МАТЬ ВЫХОДИЛА ЗА САРАЙ, СКЛАДЫВАЛА ПОД ФАРТУКОМ ПОЛНЫЕ РУКИ, КЛИКАЛА ИХ, БЛИЗНЕЦОВ МОЙШЕ И АРОНЧИКА: МИШИ, АНДРЮШИ, ИДЁМО НА СЮДА! НЕ ШЛИ, ПРЯТАЛИСЬ В БУРЬЯНЕ, РАЗЫГРЫВАЛИ СЕЛЬМАГ: ЩЕПКИ-СЕЛЕДКИ, КАМЕШКИ-ПРЯНИКИ. МАТЕРИ БЫЛО МНОГО, КАЗАЛОСЬ – ХВАТИТ НАВЕЧНО.
Лечу в Лондон – всю жизнь мечтала – положив голову на уютное плечо Пломбира. Год назад летела с отцом в Америку, одеревенев, боясь коснуться его локтем. Тогда за долгий перелет до меня дошло: не убегаю от равнолюбимых Пломбира и Стивенсона – просто хочу лететь, лететь вот так с отцом, на край света.
ШЕЛ ДОЖДЬ И ДВА СТУДЕНТА. ОДИН В УНИВЕРСИТЕТ, ДРУГОЙ В КАЛОШАХ. ОДИН ПОД ЗОНТИКОМ, ДРУГОЙ ПОД НАДЗОРОМ ПОЛИЦИИ. НЕТ, НЕ В РОССИИ, В КАЛИФОРНИИ ШЕЛ ДОЖДЬ, И МНЕ БЫЛО ЧЕТЫРНАДЦАТЬ ЛЕТ. СТОЯЛ ЯРКО-РЫЖИЙ НОЯБРЬ, ПОД БЕЗЫМЯННЫМ ШИРОКОЛИСТВЕННЫМ ДЕРЕВОМ ОТЕЦ ОБНЯЛ МЕНЯ, ДАЛ СВОИХ ПОЛКУРТКИ. МИМО БЕЖАЛ ОТЦОВ СТУДЕНТ, ВОЗЗРИЛСЯ НА НАС: ДОЖДЬ ДАВНО КОНЧИЛСЯ, А МЫ СТОЯЛИ, БОЯСЬ ПОШЕВЕЛЬНУТЬСЯ.
После я заболела, мама таскала меня по психотерапевтам. Потом они развелись… мне было семнадцать. Отец ненадолго женился на моей ровеснице – сорок лет разницы, как у нас с Пломбиром. Красивей моего отца, профессора Павла Петровича Терского еще не видано на калифорнийском побережье. За синие глаза, ослепительную улыбку и гвардейскую выправку его прозвали Полом Ньюменом.

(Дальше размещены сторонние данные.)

lemma prox_eq_of_subdiff:
  fixes G :: "real \<Rightarrow> ereal"
  assumes \<gamma>: "0 < \<gamma>" and v: "v \<in> subdiff G x" and fin: "G x = ereal c"
  shows "prox \<gamma> G (x + \<gamma> * v) = x"
proof -
  define z where "z = x + \<gamma> * v"
  have above: "G x + ereal ((x - z)\<^sup>2 / (2 * \<gamma>)) + ereal ((y - x)\<^sup>2 / (2 * \<gamma>))
      \<le> G y + ereal ((y - z)\<^sup>2 / (2 * \<gamma>))" for y
  proof -
    have "(x - z)\<^sup>2 / (2 * \<gamma>) + (y - x)\<^sup>2 / (2 * \<gamma>) = v * (y - x) + (y - z)\<^sup>2 / (2 * \<gamma>)"
      unfolding z_def using \<gamma> by (simp add: field_simps power2_eq_square)
    moreover have "G x + ereal (v * (y - x)) \<le> G y" using v unfolding subdiff_def by blast
    ultimately show ?thesis
      using add_right_mono[of "G x + ereal (v * (y - x))" "G y" "ereal ((y - z)\<^sup>2 / (2 * \<gamma>))"] fin
      by (simp add: add.assoc)
  qed
  have "prox \<gamma> G z = x" unfolding prox_def
  proof (rule the_equality)
    show "\<forall>y. G x + ereal ((x - z)\<^sup>2 / (2 * \<gamma>)) \<le> G y + ereal ((y - z)\<^sup>2 / (2 * \<gamma>))"
    proof
      fix y
      have "G x + ereal ((x - z)\<^sup>2 / (2 * \<gamma>))
          \<le> G x + ereal ((x - z)\<^sup>2 / (2 * \<gamma>)) + ereal ((y - x)\<^sup>2 / (2 * \<gamma>))"
        using fin \<gamma> by simp
      thus "G x + ereal ((x - z)\<^sup>2 / (2 * \<gamma>)) \<le> G y + ereal ((y - z)\<^sup>2 / (2 * \<gamma>))"
        using above[of y] by (rule order.trans)
    qed
    fix x' assume "\<forall>y. G x' + ereal ((x' - z)\<^sup>2 / (2 * \<gamma>)) \<le> G y + ereal ((y - z)\<^sup>2 / (2 * \<gamma>))"
    hence "G x' + ereal ((x' - z)\<^sup>2 / (2 * \<gamma>)) \<le> G x + ereal ((x - z)\<^sup>2 / (2 * \<gamma>))" by blast
    with above[of x'] have "ereal ((x' - x)\<^sup>2 / (2 * \<gamma>)) \<le> 0"
      using fin by (cases "G x'") auto
    hence "(x' - x)\<^sup>2 \<le> 0" using \<gamma> by (simp add: divide_le_0_iff)
    thus "x' = x" by simp
  qed
  thus ?thesis unfolding z_def .
qed

lemma DERIV_left_inverse:
  fixes f g :: "real \<Rightarrow> real"
  assumes d: "0 < d"
    and inv: "\<And>z. \<bar>z - x\<bar> \<le> d \<Longrightarrow> g (f z) = z"
    and cont: "\<And>z. \<bar>z - x\<bar> \<le> d \<Longrightarrow> isCont f z"
    and incr: "f (x - d) < f x" "f x < f (x + d)"
    and der: "DERIV f x :> D" and D: "D \<noteq> 0"
  shows "DERIV g (f x) :> inverse D"
proof (rule DERIV_inverse_function[OF _ D incr])
  show "DERIV f (g (f x)) :> D" using inv[of x] der d by simp
  show "isCont g (f x)" by (rule isCont_inverse_function[OF d inv cont])
  fix y assume y: "f (x - d) < y" "y < f (x + d)"
  obtain z where z: "x - d \<le> z" "z \<le> x + d" "f z = y"
    using IVT[of f "x - d" y "x + d"] y d cont by fastforce
  thus "f (g y) = y" using inv[of z] by (simp add: abs_le_iff)
qed

lemma prox_has_real_derivative:
  fixes G :: "real \<Rightarrow> ereal" and h h' h'' :: "real \<Rightarrow> real"
  assumes conv: "convex_fun G" and not_minf: "\<And>y. G y \<noteq> -\<infinity>" and \<gamma>: "0 < \<gamma>" and e: "0 < e"
    and loc: "\<And>y. y \<in> ball x e \<Longrightarrow> G y = ereal (h y) \<and> (h has_real_derivative h' y) (at y)
                     \<and> (h' has_real_derivative h'' y) (at y)"
  shows "0 \<le> h'' x"
    and "(prox \<gamma> G has_real_derivative inverse (1 + \<gamma> * h'' x)) (at (x + \<gamma> * h' x))"
proof -
  have sub: "h' y \<in> subdiff G y" if "y \<in> ball x e" for y
    by (rule convex_fun_deriv_in_subdiff[OF conv not_minf open_ball that]) (use loc that in auto)
  have mono: "h' y \<le> h' z" if "y \<in> ball x e" "z \<in> ball x e" "y < z" for y z
    using subdiff_mono[OF sub[OF that(1)] sub[OF that(2)]] loc that by auto
  show h'': "0 \<le> h'' x"
  proof (rule ccontr)
    assume "\<not> 0 \<le> h'' x"
    then obtain \<delta> where \<delta>: "0 < \<delta>" "\<And>t. 0 < t \<Longrightarrow> t < \<delta> \<Longrightarrow> h' (x + t) < h' x"
      using DERIV_neg_dec_right[of h' "h'' x" x] loc[of x] e by auto
    define t where "t = min (\<delta> / 2) (e / 2)"
    have "0 < t" "t < \<delta>" "x + t \<in> ball x e" using \<delta> e by (auto simp: t_def dist_real_def)
    thus False using \<delta>(2) mono[of x "x + t"] e by fastforce
  qed
  define \<psi> where "\<psi> y = y + \<gamma> * h' y" for y
  define d where "d = e / 2"
  have ball: "y \<in> ball x e" if "\<bar>y - x\<bar> \<le> d" for y
    using that e by (simp add: d_def dist_real_def abs_minus_commute)
  have "DERIV (prox \<gamma> G) (\<psi> x) :> inverse (1 + \<gamma> * h'' x)"
  proof (rule DERIV_left_inverse[where f = \<psi> and x = x and d = d])
    show "0 < d" using e by (simp add: d_def)
    show "prox \<gamma> G (\<psi> y) = y" if "\<bar>y - x\<bar> \<le> d" for y
      unfolding \<psi>_def by (rule prox_eq_of_subdiff[OF \<gamma> sub[OF ball[OF that]]]) (use loc ball[OF that] in blast)
    have der: "DERIV \<psi> y :> 1 + \<gamma> * h'' y" if "y \<in> ball x e" for y
      unfolding \<psi>_def using loc[OF that] by (auto intro!: derivative_eq_intros)
    show "isCont \<psi> y" if "\<bar>y - x\<bar> \<le> d" for y using der[OF ball[OF that]] by (rule DERIV_isCont)
    show "DERIV \<psi> x :> 1 + \<gamma> * h'' x" using der e by simp
    have "\<psi> y < \<psi> z" if "\<bar>y - x\<bar> \<le> d" "\<bar>z - x\<bar> \<le> d" "y < z" for y z
      using mono[OF ball ball, OF that] \<gamma> that unfolding \<psi>_def by (simp add: add_less_le_mono)
    thus "\<psi> (x - d) < \<psi> x" "\<psi> x < \<psi> (x + d)" using e by (auto simp: d_def)
    show "1 + \<gamma> * h'' x \<noteq> 0" using h'' \<gamma> by (smt (verit) mult_nonneg_nonneg)
  qed
  thus "(prox \<gamma> G has_real_derivative inverse (1 + \<gamma> * h'' x)) (at (x + \<gamma> * h' x))"
    unfolding \<psi>_def .
qed

lemma has_real_derivative_along_line:
  fixes f :: "real^'n \<Rightarrow> real"
  assumes "(f has_derivative (\<lambda>h. D \<bullet> h)) (at (x + t0 *\<^sub>R a))"
  shows "((\<lambda>t. f (x + t *\<^sub>R a)) has_real_derivative (D \<bullet> a)) (at t0)"
proof -
  have "((\<lambda>t. x + t *\<^sub>R a) has_derivative (\<lambda>t. t *\<^sub>R a)) (at t0)"
    by (auto intro!: derivative_eq_intros)
  from has_derivative_compose[OF this assms]
  have "((\<lambda>t. f (x + t *\<^sub>R a)) has_derivative (\<lambda>t. t * (D \<bullet> a))) (at t0)" by simp
  moreover have "(\<lambda>t. t * (D \<bullet> a)) = (*) (D \<bullet> a)" by (auto simp: fun_eq_iff)
  ultimately show ?thesis unfolding has_field_derivative_def by simp
qed

lemma sum_minimizer_finite:
  fixes f :: "real^'n \<Rightarrow> real" and g :: "'n \<Rightarrow> real \<Rightarrow> ereal" and xs :: "real^'n"
  assumes g_proper: "\<And>j. proper_fun (g j)"
    and xs_min: "\<And>x. ereal (f xs) + (\<Sum>j\<in>UNIV. g j (xs $ j)) \<le> ereal (f x) + (\<Sum>j\<in>UNIV. g j (x $ j))"
  shows "g j (xs $ j) \<noteq> \<infinity>"
proof -
  define x :: "real^'n" where "x = (\<chi> i. SOME y. g i y \<noteq> \<infinity>)"
  have "g i (x $ i) \<noteq> \<infinity>" for i
    using someI_ex[of "\<lambda>y. g i y \<noteq> \<infinity>"] g_proper[of i] unfolding proper_fun_def x_def by auto
  hence "ereal (f x) + (\<Sum>i\<in>UNIV. g i (x $ i)) \<noteq> \<infinity>" by (simp add: sum_Pinfty)
  hence "(\<Sum>i\<in>UNIV. g i (xs $ i)) \<noteq> \<infinity>" using xs_min[of x] by (auto simp: top_unique)
  thus ?thesis by (simp add: sum_Pinfty)
qed

lemma coordinate_optimality:
  fixes f :: "real^'n \<Rightarrow> real" and grad :: "real^'n \<Rightarrow> real^'n" and g :: "'n \<Rightarrow> real \<Rightarrow> ereal"
    and xs :: "real^'n"
  assumes f_grad: "\<And>x. (f has_derivative (\<lambda>h. grad x \<bullet> h)) (at x)"
    and g_proper: "\<And>j. proper_fun (g j)"
    and xs_min: "\<And>x. ereal (f xs) + (\<Sum>j\<in>UNIV. g j (xs $ j)) \<le> ereal (f x) + (\<Sum>j\<in>UNIV. g j (x $ j))"
    and e: "0 < e" and loc: "\<And>y. y \<in> ball (xs $ j) e \<Longrightarrow> g j y = ereal (h y)"
    and h: "(h has_real_derivative d) (at (xs $ j))"
  shows "d = - grad xs $ j"
proof -
  define rest where "rest = (\<Sum>i\<in>UNIV - {j}. g i (xs $ i))"
  have fin: "g i (xs $ i) = ereal (real_of_ereal (g i (xs $ i)))" for i
    using sum_minimizer_finite[OF g_proper xs_min, of i] g_proper[of i]
    unfolding proper_fun_def by (cases "g i (xs $ i)") auto
  have r: "rest = ereal (\<Sum>i\<in>UNIV - {j}. real_of_ereal (g i (xs $ i)))"
    unfolding rest_def by (subst sum.cong[OF refl fin]) simp_all
  have split: "(\<Sum>i\<in>UNIV. g i (x $ i)) = g j (x $ j) + rest" if "\<And>i. i \<noteq> j \<Longrightarrow> x $ i = xs $ i" for x
  proof -
    have "(\<Sum>i\<in>UNIV - {j}. g i (x $ i)) = rest" unfolding rest_def using that by (intro sum.cong) auto
    thus ?thesis by (simp add: sum.remove[of UNIV j])
  qed
  define \<phi> where "\<phi> t = f (xs + t *\<^sub>R axis j 1) + h (xs $ j + t)" for t
  have "\<phi> 0 \<le> \<phi> t" if "\<bar>0 - t\<bar> < e" for t
  proof -
    have "xs $ j + t \<in> ball (xs $ j) e" using that by (simp add: dist_real_def)
    thus ?thesis
      using xs_min[of "xs + t *\<^sub>R axis j 1"] split[of xs] split[of "xs + t *\<^sub>R axis j 1"]
        loc[of "xs $ j"] loc[of "xs $ j + t"] e r
      by (simp add: \<phi>_def axis_def)
  qed
  moreover have "(\<phi> has_real_derivative grad xs \<bullet> axis j 1 + d) (at 0)"
    unfolding \<phi>_def using has_real_derivative_along_line[of f "grad xs" xs 0 "axis j 1"] f_grad
      DERIV_chain2[OF _ DERIV_add[OF DERIV_const DERIV_ident], of h d "xs $ j" 0] h
    by (auto intro!: DERIV_add)
  ultimately have "grad xs \<bullet> axis j 1 + d = 0" using DERIV_local_min e by blast
  thus ?thesis by (simp add: inner_axis)
qed

lemma matrix_vector_mult_axis_nth: "((H :: real^'n^'m) *v axis k 1) $ i = H $ i $ k"
  by (simp add: matrix_vector_mult_basis column_def)

lemma second_difference_mean_value:
  fixes f :: "real^'n \<Rightarrow> real" and grad :: "real^'n \<Rightarrow> real^'n"
  assumes f_grad: "\<And>x. (f has_derivative (\<lambda>h. grad x \<bullet> h)) (at x)" and t: "0 < t"
  obtains \<sigma> where "0 < \<sigma>" "\<sigma> < t"
    "f (x0 + t *\<^sub>R b + t *\<^sub>R a) - f (x0 + t *\<^sub>R a) - f (x0 + t *\<^sub>R b) + f x0
       = t * ((grad (x0 + t *\<^sub>R b + \<sigma> *\<^sub>R a) - grad (x0 + \<sigma> *\<^sub>R a)) \<bullet> a)"
proof -
  define \<phi> where "\<phi> s = f (x0 + t *\<^sub>R b + s *\<^sub>R a) - f (x0 + s *\<^sub>R a)" for s
  have "DERIV \<phi> s :> (grad (x0 + t *\<^sub>R b + s *\<^sub>R a) - grad (x0 + s *\<^sub>R a)) \<bullet> a" for s
    unfolding \<phi>_def inner_diff_left by (intro DERIV_diff has_real_derivative_along_line f_grad)
  then obtain \<sigma> where "0 < \<sigma>" "\<sigma> < t"
      "\<phi> t - \<phi> 0 = (t - 0) * ((grad (x0 + t *\<^sub>R b + \<sigma> *\<^sub>R a) - grad (x0 + \<sigma> *\<^sub>R a)) \<bullet> a)"
    using MVT2[OF t, of \<phi> "\<lambda>s. (grad (x0 + t *\<^sub>R b + s *\<^sub>R a) - grad (x0 + s *\<^sub>R a)) \<bullet> a"] by blast
  thus thesis using that unfolding \<phi>_def by (simp add: algebra_simps)
qed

ВЗРЕВЕЛ МОТОР НА ВЗЛЕТНОЙ ПОЛОСЕ – ОТЕЦ ПОСТАВИЛ САКВОЯЖ, ЧТОБЫ ЗАТКНУТЬ УШИ. Я ПОСКОРЕЙ СЕЛА В ТАКСИ, БЕЗО ВСЕГО, ЗАХЛОПНУЛА У ОТЦА ПЕРЕД НОСОМ ДВЕРЦУ И НАЗВАЛА ПЕРВЫЙ ПРИШЕДШИЙ НА УМ НЬЮ-ЙОРКСКИЙ АДРЕС. ОТЕЦ ОСТАЛСЯ НА СТОЯНКЕ, СРАЗУ ОБМЯКШИЙ, МИГОМ ПОСТАРЕВШИЙ ДО СВОЕГО ВОЗРАСТА, КОЛИ НЕ БОЛЬШЕ. ДОРОГОЙ Я ЛИХОРАДОЧНО ДУМАЛА, ХВАТИТ ЛИ ДЕНЕГ РАСПЛАТИТЬСЯ И КУДА МНЕ, РАСПЛАТИВШИСЬ, ИДТИ.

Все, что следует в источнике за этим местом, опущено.